Por: Daniel Ruiz – preso político de Macri por enfrentar a Reforma da Previdência – Candidato a Deputado Nacional por ChubutMacri,

Alberto Fernández, Cristina e Lavagna vão invadir as telas com suas campanhas eleitorais cheias de promessas. Mas a verdade é que todos já fizeram acordo com o FMI de que serão pagos até o último dólar à custa do nosso esforço.

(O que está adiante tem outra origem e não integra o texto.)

lemma psd_extension_if_representing_measure:
  assumes rep: "representing_measure n \<beta> \<mu>" and finV: "finite (variety n \<beta>)"
  shows "\<exists>\<beta>'. (\<forall>i j. i + j \<le> 2 * n \<longrightarrow> \<beta>' i j = \<beta> i j) \<and> psd (moment_matrix (Suc n) \<beta>') \<and>
    (infinite (variety (Suc n) \<beta>') \<or> mm_rank (Suc n) \<beta>' \<le> card (variety (Suc n) \<beta>'))"
proof -
  let ?V = "variety n \<beta>" and ?w = "\<lambda>v. measure \<mu> {v}"
  let ?\<beta>' = "atomic_moments ?V ?w"
  have rank: "mm_rank (Suc n) ?\<beta>' \<le> card {v\<in>?V. ?w v \<noteq> 0}" by (rule rank_atomic_le[OF finV])
  have support: "{v\<in>?V. ?w v \<noteq> 0} \<subseteq> variety (Suc n) ?\<beta>'"
    by (rule support_subset_variety_atomic[OF finV]) simp
  have "infinite (variety (Suc n) ?\<beta>') \<or> mm_rank (Suc n) ?\<beta>' \<le> card (variety (Suc n) ?\<beta>')"
  proof (cases "finite (variety (Suc n) ?\<beta>')")
    case True
    then show ?thesis using rank card_mono[OF True support] by simp
  qed simp
  moreover have "psd (moment_matrix (Suc n) ?\<beta>')" by (rule psd_atomic) simp
  ultimately show ?thesis using moments_eq_atomic_variety[OF rep finV] by (intro exI[of _ ?\<beta>']) auto
qed

theorem corollary3p2:
  fixes n :: nat and \<beta> :: "nat \<Rightarrow> nat \<Rightarrow> real"
  assumes "n \<ge> 1"
    and "finite (variety n \<beta>)"
    and "card (variety n \<beta>) = mm_rank n \<beta>"
  shows "(\<exists>\<mu>. representing_measure n \<beta> \<mu>) \<longleftrightarrow>
         (\<exists>\<beta>'. (\<forall>i j. i + j \<le> 2 * n \<longrightarrow> \<beta>' i j = \<beta> i j) \<and>
               psd (moment_matrix (n + 1) \<beta>') \<and>
               (infinite (variety (n + 1) \<beta>') \<or> mm_rank (n + 1) \<beta>' \<le> card (variety (n + 1) \<beta>')))"
  unfolding Suc_eq_plus1[symmetric]
proof
  assume "\<exists>\<mu>. representing_measure n \<beta> \<mu>"
  then show "\<exists>\<beta>'. (\<forall>i j. i + j \<le> 2 * n \<longrightarrow> \<beta>' i j = \<beta> i j) \<and> psd (moment_matrix (Suc n) \<beta>') \<and>
      (infinite (variety (Suc n) \<beta>') \<or> mm_rank (Suc n) \<beta>' \<le> card (variety (Suc n) \<beta>'))"
    using psd_extension_if_representing_measure[OF _ assms(2)] by blast
next
  assume "\<exists>\<beta>'. (\<forall>i j. i + j \<le> 2 * n \<longrightarrow> \<beta>' i j = \<beta> i j) \<and> psd (moment_matrix (Suc n) \<beta>') \<and>
      (infinite (variety (Suc n) \<beta>') \<or> mm_rank (Suc n) \<beta>' \<le> card (variety (Suc n) \<beta>'))"
  then show "\<exists>\<mu>. representing_measure n \<beta> \<mu>"
    using representing_measure_if_psd_extension[OF _ _ assms(2,3)] by blast
qed

end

Portanto, nestas eleições não podemos cair na armadilha desta democracia para os ricos. Não podemos optar pelo menos ruim, pois os de sempre continuaremos pagando pela crise. Temos que usá-las para construir uma saída própria, a partir das lutas operárias e populares.

Não há lugar para meias medidas. Como há mais de 200 anos, a Argentina precisa de uma revolução para romper as correntes que nos atam ao imperialismo e para poder aspirar a viver melhor. Não são suficientes os slogans de campanha para defender nossas famílias. Temos que mudar tudo e, para isso, precisamos organizar uma revolução operária e socialista para alcançar a segunda e definitiva independência.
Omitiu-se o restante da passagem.